Dr. Omar Abudayyeh Awarded Michelson Prize for Proposal to Develop RNA Therapies Against Diseases

Dr. Omar Abudayyeh entered graduate school at an exciting time. As a PhD student in the lab of Feng Zhang, one of the inventors of CRISPR/Cas9 genome editing technology, Abudayyeh got to be at the forefront of DNA modification.
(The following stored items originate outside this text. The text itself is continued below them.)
lemma continuous_on_loop_frac: "continuous_on UNIV (\<lambda>t. g (frac t))"
  using g loop by (intro continuous_on_frac_periodic) (auto simp: path_def pathstart_def pathfinish_def)

lemma path_wind_loop: "path (wind_loop n g)"
  unfolding path_def wind_loop_def
  by (rule continuous_on_compose2[OF continuous_on_loop_frac, of _ "\<lambda>t. of_int n * t"])
     (auto intro: continuous_intros)

lemma path_image_wind_loop: "path_image (wind_loop n g) \<subseteq> path_image g"
  by (auto simp: path_image_def wind_loop_def frac_lt_1 less_imp_le)

lemma pathstart_wind_loop: "pathstart (wind_loop n g) = pathstart g"
  and pathfinish_wind_loop: "pathfinish (wind_loop n g) = pathstart g"
  by (simp_all add: wind_loop_def pathstart_def pathfinish_def)

end

lemma wind_loop_at:
  assumes "path g" "path_image g \<subseteq> S" "pathstart g = p" "pathfinish g = p"
  shows "path (wind_loop n g)" "path_image (wind_loop n g) \<subseteq> S"
    "pathstart (wind_loop n g) = p" "pathfinish (wind_loop n g) = p"
  using assms path_wind_loop pathstart_wind_loop pathfinish_wind_loop
    order_trans[OF path_image_wind_loop assms(2)] by auto

lemma circ_lambda_cong:
  assumes "\<And>t. t \<in> {0..1} \<Longrightarrow> \<gamma> t = \<delta> t"
  shows "circ_lambda c \<gamma> = circ_lambda c \<delta>"
  unfolding circ_lambda_def using assms by simp

context
  fixes c :: "real \<Rightarrow> 'a::t2_space" and S :: "'a set"
  assumes cp: "circle_param c S"
begin

lemma circle_param_continuous: "continuous_on A c"
  using cp unfolding circle_param_def by (meson continuous_on_subset subset_UNIV)

lemma circle_param_add_int: "c (x + of_int n) = c x"
proof (induction n rule: int_induct[where k = 0])
  case (step1 i)
  then show ?case using cp unfolding circle_param_def by (metis add.assoc of_int_add of_int_1)
next
  case (step2 i)
  then show ?case using cp unfolding circle_param_def by (metis diff_add_cancel of_int_diff of_int_1 add.assoc)
qed simp

lemma circle_param_frac: "c (frac x) = c x"
  using circle_param_add_int[of "frac x" "\<lfloor>x\<rfloor>"] by (simp add: frac_def)

lemma circle_param_eq_iff: "c x = c y \<longleftrightarrow> (\<exists>n::int. x = y + of_int n)"
proof
  assume "c x = c y"
  then have "c (frac x) = c (frac y)" by (simp add: circle_param_frac)
  then have "frac x = frac y"
    using cp unfolding circle_param_def inj_on_def by (simp add: frac_lt_1)
  then show "\<exists>n::int. x = y + of_int n"
    by (intro exI[of _ "\<lfloor>x\<rfloor> - \<lfloor>y\<rfloor>"]) (simp add: frac_def)
qed (auto simp: circle_param_add_int)

lemma circle_param_in [simp]: "c x \<in> S"
  using cp circle_param_frac[of x] unfolding circle_param_def
  by (metis atLeastLessThan_iff frac_ge_0 frac_lt_1 image_eqI)

lemma circle_param_image_unit_interval: "c ` {0..1} = S"
  using cp unfolding circle_param_def by auto

lemma circle_param_compact: "compact S"
  by (metis circle_param_image_unit_interval compact_Icc compact_continuous_image circle_param_continuous)

lemma circle_param_chart:
  obtains \<phi> where "continuous_on S \<phi>" "\<And>x. \<phi> (c x) = circle_exp x"
proof -
  have "circle_exp x = circle_exp y" if "c x = c y" for x y
    using that by (simp add: circle_param_eq_iff circle_exp_eq_iff)
  then obtain \<phi> where "continuous_on (c ` {0..1}) \<phi>" "\<And>x. x \<in> {0..1} \<Longrightarrow> \<phi> (c x) = circle_exp x"
    using continuous_on_factor_compact[OF compact_Icc circle_param_continuous continuous_on_circle_exp]
    by metis
  moreover have "\<phi> (c x) = circle_exp x" if "\<And>x. x \<in> {0..1} \<Longrightarrow> \<phi> (c x) = circle_exp x" for x
    using that[of "frac x"] by (simp add: circle_param_frac circle_exp_frac frac_lt_1 less_imp_le)
  ultimately show ?thesis
    using that circle_param_image_unit_interval by simp
qed

text \<open>A lift of K through c is read off from a continuous logarithm of the chart composed with K,
  which exists because D is contractible.\<close>
lemma circle_param_lift:
  fixes K :: "'b::real_normed_vector \<Rightarrow> 'a"
  assumes D: "convex D" and K: "continuous_on D K" "K ` D \<subseteq> S"
  obtains G where "continuous_on D G" "\<And>z. z \<in> D \<Longrightarrow> c (G z) = K z"
proof -
  obtain \<phi> where \<phi>: "continuous_on S \<phi>" "\<And>x. \<phi> (c x) = circle_exp x"
    using circle_param_chart by blast
  have K_param: "\<exists>x. K z = c x" if "z \<in> D" for z
    using K(2) that cp unfolding circle_param_def by blast
  have "continuous_on D (\<phi> \<circ> K)"
    by (rule continuous_on_compose[OF K(1) continuous_on_subset[OF \<phi>(1) K(2)]])
  moreover have "(\<phi> \<circ> K) z \<noteq> 0" if "z \<in> D" for z
    using K_param[OF that] \<phi>(2) by (auto simp: circle_exp_def)
  ultimately obtain L where L: "continuous_on D L" "\<And>z. z \<in> D \<Longrightarrow> (\<phi> \<circ> K) z = exp (L z)"
    using continuous_logarithm_on_contractible[OF _ convex_imp_contractible[OF D]] by metis
  define G where "G z = Im (L z) / (2 * pi)" for z
  show ?thesis
  proof
    show "continuous_on D G" unfolding G_def by (intro continuous_intros L(1)) simp
    fix z assume z: "z \<in> D"
    obtain x where x: "K z = c x" using K_param[OF z] by blast
    have e: "exp (L z) = circle_exp x" using L(2)[OF z] x \<phi>(2) by simp
    then have "Re (L z) = 0" using norm_circle_exp[of x] by (metis exp_eq_one_iff norm_exp_eq_Re)
    then have "L z = 2 * pi * \<i> * complex_of_real (G z)"
      by (simp add: G_def complex_eq_iff)
    then have "circle_exp (G z) = circle_exp x" using e by (simp add: circle_exp_def)
    then show "c (G z) = K z" using x by (simp add: circle_param_eq_iff circle_exp_eq_iff)
  qed
qed

lemma circle_param_lifts_diff_const:
  assumes D: "connected D" and g: "continuous_on D g1" "continuous_on D g2"
    and eq: "\<And>z. z \<in> D \<Longrightarrow> c (g1 z) = c (g2 z)" and zw: "z \<in> D" "w \<in> D"
  shows "g1 z - g2 z = g1 w - g2 w"
proof (rule continuous_Ints_valued_constant[OF D _ _ zw])
  show "continuous_on D (\<lambda>z. g1 z - g2 z)" by (intro continuous_intros g)
  show "(\<lambda>z. g1 z - g2 z) ` D \<subseteq> \<int>"
    using eq by (force simp: circle_param_eq_iff)
qed

lemma circ_lambda_eq_lift:
  assumes g: "continuous_on {0..1} g" "\<And>t. t \<in> {0..1} \<Longrightarrow> c (g t) = \<gamma> t"
  shows "circ_lambda c \<gamma> = g 1 - g 0"
proof -
  let ?P = "\<lambda>d. \<exists>g. continuous_on {0..1} g \<and> (\<forall>t\<in>{0..1}. c (g t) = \<gamma> t) \<and> d = g 1 - g 0"
  have "?P (g 1 - g 0)" using g by blast
  then have "?P (circ_lambda c \<gamma>)" unfolding circ_lambda_def by (rule someI)
  then obtain g' where g': "continuous_on {0..1} g'" "\<And>t. t \<in> {0..1} \<Longrightarrow> c (g' t) = \<gamma> t"
      "circ_lambda c \<gamma> = g' 1 - g' 0" by blast
  have "g' 1 - g 1 = g' 0 - g 0"
    by (rule circle_param_lifts_diff_const[OF connected_Icc g'(1) g(1)]) (auto simp: g'(2) g(2))
  then show ?thesis using g'(3) by simp
qed

lemma circle_param_path_lift:
  assumes "path \<gamma>" "path_image \<gamma> \<subseteq> S"
  obtains g where "continuous_on {0..1} g" "\<And>t. t \<in> {0..1} \<Longrightarrow> c (g t) = \<gamma> t"
  using circle_param_lift[OF convex_real_interval(5) assms[unfolded path_def path_image_def]] by blast

lemma circ_lambda_loop_Ints:
  assumes "path \<gamma>" "path_image \<gamma> \<subseteq> S" "pathfinish \<gamma> = pathstart \<gamma>"
  shows "circ_lambda c \<gamma> \<in> \<int>"
proof -
  obtain g where g: "continuous_on {0..1} g" "\<And>t. t \<in> {0..1} \<Longrightarrow> c (g t) = \<gamma> t"
    using circle_param_path_lift[OF assms(1,2)] by blast
  have "c (g 1) = c (g 0)" using g(2)[of 0] g(2)[of 1] assms(3) by (simp add: pathstart_def pathfinish_def)
  then show ?thesis
    using circ_lambda_eq_lift[OF g] by (auto simp: circle_param_eq_iff)
qed

lemma circ_lambda_homotopic_paths:
  assumes "homotopic_paths S \<gamma> \<delta>"
  shows "circ_lambda c \<gamma> = circ_lambda c \<delta>"
proof -
  obtain h where h: "continuous_on ({0..1} \<times> {0..1}) h" "h \<in> ({0..1} \<times> {0..1}) \<rightarrow> S"
    "\<forall>x \<in> {0..1}. h (0, x) = \<gamma> x" "\<forall>x \<in> {0..1}. h (1, x) = \<delta> x"
    "\<forall>s \<in> {0..1::real}. pathstart (h \<circ> Pair s) = pathstart \<gamma> \<and> pathfinish (h \<circ> Pair s) = pathfinish \<gamma>"
    using assms unfolding homotopic_paths by blast
  obtain G where G: "continuous_on ({0..1} \<times> {0..1}) G" "\<And>z. z \<in> {0..1} \<times> {0..1} \<Longrightarrow> c (G z) = h z"
    using circle_param_lift[OF convex_Times[OF convex_real_interval(5) convex_real_interval(5)] h(1)] h(2)
    by blast
  have G_t: "continuous_on {0..1} (\<lambda>t. G (s, t))" if "s \<in> {0..1}" for s
    by (rule continuous_on_compose2[OF G(1)]) (use that in \<open>auto intro!: continuous_intros\<close>)
  have G_s: "continuous_on {0..1} (\<lambda>s. G (s, t))" if "t \<in> {0..1}" for t
    by (rule continuous_on_compose2[OF G(1)]) (use that in \<open>auto intro!: continuous_intros\<close>)
  have "circ_lambda c \<gamma> = G (0, 1) - G (0, 0)"
    by (rule circ_lambda_eq_lift[OF G_t]) (use G(2) h(3) in auto)
  moreover have "circ_lambda c \<delta> = G (1, 1) - G (1, 0)"
    by (rule circ_lambda_eq_lift[OF G_t]) (use G(2) h(4) in auto)
  moreover have "G (1, t) = G (0, t)" if "t = 0 \<or> t = 1" for t
    using circle_param_lifts_diff_const[OF connected_Icc G_s continuous_on_const, of t "G (0, t)" 1 0]
      G(2) h(5) that by (auto simp: pathstart_def pathfinish_def)
  ultimately show ?thesis by simp
qed

lemma homotopic_paths_circ_lambda_eq:
  assumes p: "path \<gamma>" "path \<delta>" "path_image \<gamma> \<subseteq> S" "path_image \<delta> \<subseteq> S"
    and st: "pathstart \<gamma> = pathstart \<delta>" and l: "circ_lambda c \<gamma> = circ_lambda c \<delta>"
  shows "homotopic_paths S \<gamma> \<delta>"
proof -
  obtain g where g: "continuous_on {0..1} g" "\<And>t. t \<in> {0..1} \<Longrightarrow> c (g t) = \<gamma> t"
    using circle_param_path_lift[OF p(1,3)] by blast
  obtain h where h: "continuous_on {0..1} h" "\<And>t. t \<in> {0..1} \<Longrightarrow> c (h t) = \<delta> t"
    using circle_param_path_lift[OF p(2,4)] by blast
  have "c (h 0) = c (g 0)" using g(2)[of 0] h(2)[of 0] st by (simp add: pathstart_def)
  then obtain n :: int where n: "h 0 = g 0 + of_int n" using circle_param_eq_iff by blast
  define h' where "h' t = h t - of_int n" for t
  have h': "continuous_on {0..1} h'" "\<And>t. t \<in> {0..1} \<Longrightarrow> c (h' t) = \<delta> t"
    using h circle_param_add_int[of _ "-n"] by (auto simp: h'_def intro!: continuous_intros)
  have "h' 1 = g 1" "h' 0 = g 0"
    using l n circ_lambda_eq_lift[OF g] circ_lambda_eq_lift[OF h'] by (auto simp: h'_def)
  then have "homotopic_paths UNIV g h'"
    using g(1) h'(1) by (intro homotopic_paths_linear) (auto simp: path_def pathstart_def pathfinish_def)
  then have "homotopic_paths S (c \<circ> g) (c \<circ> h')"
    by (rule homotopic_paths_continuous_image) (auto simp: circle_param_continuous)
  moreover have "homotopic_paths S \<gamma> (c \<circ> g)"
    by (rule homotopic_paths_eq[OF p(1,3)]) (simp add: g(2))
  moreover have "homotopic_paths S (c \<circ> h') \<delta>"
    using homotopic_paths_eq[OF p(2,4), of "c \<circ> h'"] h'(2) by (simp add: homotopic_paths_sym)
  ultimately show ?thesis using homotopic_paths_trans by blast
qed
However, he and another student, Jonathan Gootenberg, soon found their true calling in RNA editing.  “It’s a very hot topic,” he says.
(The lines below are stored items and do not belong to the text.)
lemma singular_majorant_integral_le:
  fixes x :: "'i \<Rightarrow> real"
  assumes "finite I" and bs: "\<And>i. i \<in> I \<Longrightarrow> 0 < bs i" and "sum bs I < 1"
    and x: "\<And>i. x i \<in> {a..b}"
  shows "singular_majorant I bs x integrable_on {a..b}"
    and "integral {a..b} (singular_majorant I bs x)
      \<le> (b - a) + 2 * (b - a) powr (1 - sum bs I) / (1 - sum bs I)"
proof -
  define \<beta> where "\<beta> = sum bs I"
  define K where "K = 2 * (b - a) powr (1 - \<beta>) / (1 - \<beta>)"
  have "0 \<le> \<beta>"
    unfolding \<beta>_def using bs by (metis less_imp_le sum_nonneg)
  have "a \<le> b"
    using x by fastforce
  have "(\<lambda>t. \<bar>t - x i\<bar> powr - \<beta>) integrable_on {a..b}"
    and "integral {a..b} (\<lambda>t. \<bar>t - x i\<bar> powr - \<beta>) \<le> K" for i
    unfolding K_def using \<open>0 \<le> \<beta>\<close> \<open>sum bs I < 1\<close> x
    by (intro abs_diff_powr_integral_le; simp add: \<beta>_def)+
  moreover have "(\<Sum>i\<in>I. bs i / \<beta>) \<le> 1"
    by (cases "\<beta> = 0") (auto simp: \<beta>_def sum_divide_distrib[symmetric])
  moreover have "0 \<le> K"
    unfolding K_def \<beta>_def using \<open>sum bs I < 1\<close> \<open>a \<le> b\<close> by simp
  ultimately have sum_int: "(\<lambda>t. \<Sum>i\<in>I. bs i / \<beta> * \<bar>t - x i\<bar> powr - \<beta>) integrable_on {a..b}"
    and sum_le: "integral {a..b} (\<lambda>t. \<Sum>i\<in>I. bs i / \<beta> * \<bar>t - x i\<bar> powr - \<beta>) \<le> K"
    using integral_weighted_sum_le[OF \<open>finite I\<close>, where w = "\<lambda>i. bs i / \<beta>" and K = K
        and g = "\<lambda>i t. \<bar>t - x i\<bar> powr - \<beta>" and S = "{a..b}"] bs \<open>0 \<le> \<beta>\<close>
    by (simp_all add: less_imp_le)
  have majorant: "singular_majorant I bs x = (\<lambda>t. 1 + (\<Sum>i\<in>I. bs i / \<beta> * \<bar>t - x i\<bar> powr - \<beta>))"
    by (simp add: singular_majorant_def \<beta>_def fun_eq_iff)
  show "singular_majorant I bs x integrable_on {a..b}"
    unfolding majorant by (intro integrable_add integrable_const_ivl sum_int)
  have "integral {a..b} (singular_majorant I bs x)
      = (b - a) + integral {a..b} (\<lambda>t. \<Sum>i\<in>I. bs i / \<beta> * \<bar>t - x i\<bar> powr - \<beta>)"
    unfolding majorant by (subst integral_add[OF integrable_const_ivl sum_int]) (use \<open>a \<le> b\<close> in simp)
  with sum_le show "integral {a..b} (singular_majorant I bs x) \<le> (b - a) + 2 * (b - a) powr (1 - sum bs I) / (1 - sum bs I)"
    by (simp add: K_def \<beta>_def)
qed
lemma sum_colored_tree_series_Alm:
  "(\<Sum>j\<in>{1..l}. colored_tree_series (Alm l m) (l + m) j) = fps_const (real l) * Alm_series_low l m"
  "(\<Sum>j\<in>{l+1..l+m}. colored_tree_series (Alm l m) (l + m) j) = fps_const (real m) * Alm_series_high l m"
proof -
  have "(\<Sum>j\<in>{1..l}. colored_tree_series (Alm l m) (l + m) j) = (\<Sum>j\<in>{1..l}. Alm_series_low l m)"
    by (intro sum.cong refl colored_tree_series_Alm_low)
  then show "(\<Sum>j\<in>{1..l}. colored_tree_series (Alm l m) (l + m) j) = fps_const (real l) * Alm_series_low l m"
    by (simp add: fps_of_nat)
  have "(\<Sum>j\<in>{l+1..l+m}. colored_tree_series (Alm l m) (l + m) j) = (\<Sum>j\<in>{l+1..l+m}. Alm_series_high l m)"
    by (intro sum.cong refl colored_tree_series_Alm_high)
  then show "(\<Sum>j\<in>{l+1..l+m}. colored_tree_series (Alm l m) (l + m) j) = fps_const (real m) * Alm_series_high l m"
    by (simp add: fps_of_nat)
qed

lemma Alm_series_colored_tree_series:
  assumes "l \<ge> 1" "m \<ge> 1"
  shows "Alm_series (real l) (real m) (Alm_series_low l m) (Alm_series_high l m)"
proof
  have "(\<Sum>j\<in>{j \<in> {1..l+m}. Alm l m 1 j = 1}. colored_tree_series (Alm l m) (l + m) j)
      = (\<Sum>j\<in>{1..l} \<union> {l+1..l+m}. colored_tree_series (Alm l m) (l + m) j)"
    using assms by (intro sum.cong) (auto simp: Alm_def)
  also have "\<dots> = (\<Sum>j\<in>{1..l}. colored_tree_series (Alm l m) (l + m) j)
      + (\<Sum>j\<in>{l+1..l+m}. colored_tree_series (Alm l m) (l + m) j)"
    by (rule sum.union_disjoint) auto
  also have "\<dots> = fps_const (real l) * Alm_series_low l m + fps_const (real m) * Alm_series_high l m"
    by (simp only: sum_colored_tree_series_Alm)
  finally have low_row: "(\<Sum>j\<in>{j \<in> {1..l+m}. Alm l m 1 j = 1}. colored_tree_series (Alm l m) (l + m) j)
      = fps_const (real l) * Alm_series_low l m + fps_const (real m) * Alm_series_high l m" .
  have "1 \<in> {1..l+m}"
    using assms by simp
  from colored_tree_series_eq[OF this, of "Alm l m", where 'a = real]
  show "Alm_series_low l m = fps_X +
      (fps_const (real l) * Alm_series_low l m + fps_const (real m) * Alm_series_high l m) * Alm_series_low l m"
    unfolding low_row .
  have "{j \<in> {1..l+m}. Alm l m (l + 1) j = 1} = {1..l}"
    by (auto simp: Alm_def)
  then have high_row: "(\<Sum>j\<in>{j \<in> {1..l+m}. Alm l m (l + 1) j = 1}. colored_tree_series (Alm l m) (l + m) j)
      = fps_const (real l) * Alm_series_low l m"
    by (simp only: sum_colored_tree_series_Alm)
  have "l + 1 \<in> {1..l+m}"
    using assms by simp
  from colored_tree_series_eq[OF this, of "Alm l m", where 'a = real]
  show "Alm_series_high l m = fps_X + fps_const (real l) * Alm_series_low l m * Alm_series_high l m"
    unfolding high_row .
qed simp_all

lemma tAi_Alm_low:
  assumes "i \<in> {1..l}"
  shows "real (tAi (Alm l m) (l + m) i n) = Alm_series_low l m $ n"
  using colored_tree_series_Alm_low[OF assms]
  by (simp add: tAi_eq_card_colored_trees colored_tree_series_def fps_eq_iff)

lemma tAi_Alm_high:
  assumes "i \<in> {l+1..l+m}"
  shows "real (tAi (Alm l m) (l + m) i n) = Alm_series_high l m $ n"
  using colored_tree_series_Alm_high[OF assms]
  by (simp add: tAi_eq_card_colored_trees colored_tree_series_def fps_eq_iff)

lemma tA_Alm:
  "real (tA (Alm l m) (l + m) n) = real l * Alm_series_low l m $ n + real m * Alm_series_high l m $ n"
proof -
  have "{1..l+m} = {1..l} \<union> {l+1..l+m}"
    by auto
  then show ?thesis
    by (simp add: tA_eq_sum_tAi sum.union_disjoint tAi_Alm_low tAi_Alm_high)
qed

theorem theorem33:
  fixes l m n :: nat
  assumes "l \<ge> 1" "m \<ge> 1" "n \<ge> 1"
  shows "(n \<ge> 2 \<longrightarrow> real (tA (Alm l m) (l + m) n) =
           (\<Sum>k=0..n-1. 2 / real n * real (n choose k) * real ((2*n-3) choose (n-k-1))
                         * real l ^ (n-k) * real m ^ k))
    \<and> (\<forall>i. 1 \<le> i \<and> i \<le> l \<longrightarrow> real (tAi (Alm l m) (l + m) i n) =
           (\<Sum>k=0..n-1. 1 / real n * real (n choose k) * real ((2*n-2) choose (n-k-1))
                         * real l ^ (n-k-1) * real m ^ k))
    \<and> (\<forall>i. l + 1 \<le> i \<and> i \<le> l + m \<and> n \<ge> 2 \<longrightarrow> real (tAi (Alm l m) (l + m) i n) =
           (\<Sum>k=1..n-1. 1 / real (n-1) * real ((n-1) choose (k-1)) * real ((2*n-2) choose (n-k-1))
                         * real l ^ (n-k) * real m ^ (k-1)))"
proof -
  interpret Alm_series "real l" "real m" "Alm_series_low l m" "Alm_series_high l m"
    using assms(1,2) by (rule Alm_series_colored_tree_series)
  show ?thesis
  proof (intro conjI allI impI)
    assume "n \<ge> 2"
    then show "real (tA (Alm l m) (l + m) n) = (\<Sum>k=0..n-1. 2 / real n * real (n choose k)
        * real ((2*n-3) choose (n-k-1)) * real l ^ (n-k) * real m ^ k)"
      by (simp only: tA_Alm l_F_plus_m_G_nth)
  next
    fix i assume "1 \<le> i \<and> i \<le> l"
    then show "real (tAi (Alm l m) (l + m) i n) = (\<Sum>k=0..n-1. 1 / real n * real (n choose k)
        * real ((2*n-2) choose (n-k-1)) * real l ^ (n-k-1) * real m ^ k)"
      by (simp only: tAi_Alm_low F_nth[OF assms(3)] atLeastAtMost_iff)
  next
    fix i assume "l + 1 \<le> i \<and> i \<le> l + m \<and> n \<ge> 2"
    then show "real (tAi (Alm l m) (l + m) i n) = (\<Sum>k=1..n-1. 1 / real (n-1) * real ((n-1) choose (k-1))
        * real ((2*n-2) choose (n-k-1)) * real l ^ (n-k) * real m ^ (k-1))"
      by (simp only: tAi_Alm_high G_nth atLeastAtMost_iff)
  qed
qed

end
Now, Abudayyeh is a recipient of one of the 2024 Michelson Prizes: Next Generation Grants awarded by the Michelson Medical Research Foundation and the Human Immunome Project. The award will allow him to develop RNA-editing tools that could treat cancer and other diseases. 

As a therapeutic, RNA editing could have some advantages over DNA. Drug regulators are concerned about the chance that CRISPR could make edits in genes other than its intended target, potentially causing harmful mutations. On the other hand, RNA is transient by nature, and cells tend to break it down quickly, halting the production of the editing enzymes. And because RNA edits are temporary, patients might eventually be able to “upgrade” their treatment if a better editing system or disease target is discovered. “It’s like getting a new iPhone,” Abudayyeh says. 

Abudayyeh and Gootenberg, who jointly run the AbuGoot Lab, have been focusing on a set of enzymes called adenosine deaminases (ADARs) that bind to double-stranded RNA molecules and alter the letters of its genetic code. Several companies are testing them in clinical trials as treatments for genetic disorders. These approaches use a short piece of RNA that binds to a patient’s own mRNA, creating a double-strand that attracts ADARs within the recipient’s cell. The enzymes edit the transcript, essentially correcting the message from the faulty gene before the cell can make a protein. 

The $150,000 Michelson Prizes grant allows Abudayyeh to develop a new type of ADARs that could kill cancer cells or treat other conditions like sickle cell disease that only occur in a particular cell type.

Abudayyeh and Gootenberg invented a type of reprogrammable ADAR called RADARS, which detect RNA transcripts that only occur in certain types of cells. This system includes an mRNA molecule encoding a toxic protein whose genetic instructions are “locked” by a piece of code that prevents the cell from producing the protein. But if the cell contains a specific mRNA of its own -- an mRNA that is only produced by cancer cells, for instance -- the message can be unlocked, allowing the cell to make the deadly protein and die from its effects. This approach enables the researchers to target tumors without the risk of killing healthy cells by mistake. 

Initially, the pair are focusing on liver cancer, a disease for which few therapeutic options are available. It’s also a good test case for RADARS since the lipid nanoparticles that carry them into the body naturally go to the liver. They are currently testing it in cells and mice, trying to answer questions such as whether the nanoparticles are toxic to the liver and how much RNA editing is needed before the immune system jumps in to finish the cancer off. He says the technology might be ready for initial human trials in three to four years.

Eventually, Abudayyeh envisions developing RADARS into a “pan-tumor” treatment, targeting them to a few proteins that all cancerous cells produce or a RADARS platform that can easily personalize to an individual patient’s tumor. “You can literally have a single drug that you can repurpose over and over,” he says. “If we can build therapies like that, we can better accelerate treatments for the hundreds of cancers that are actually out there.”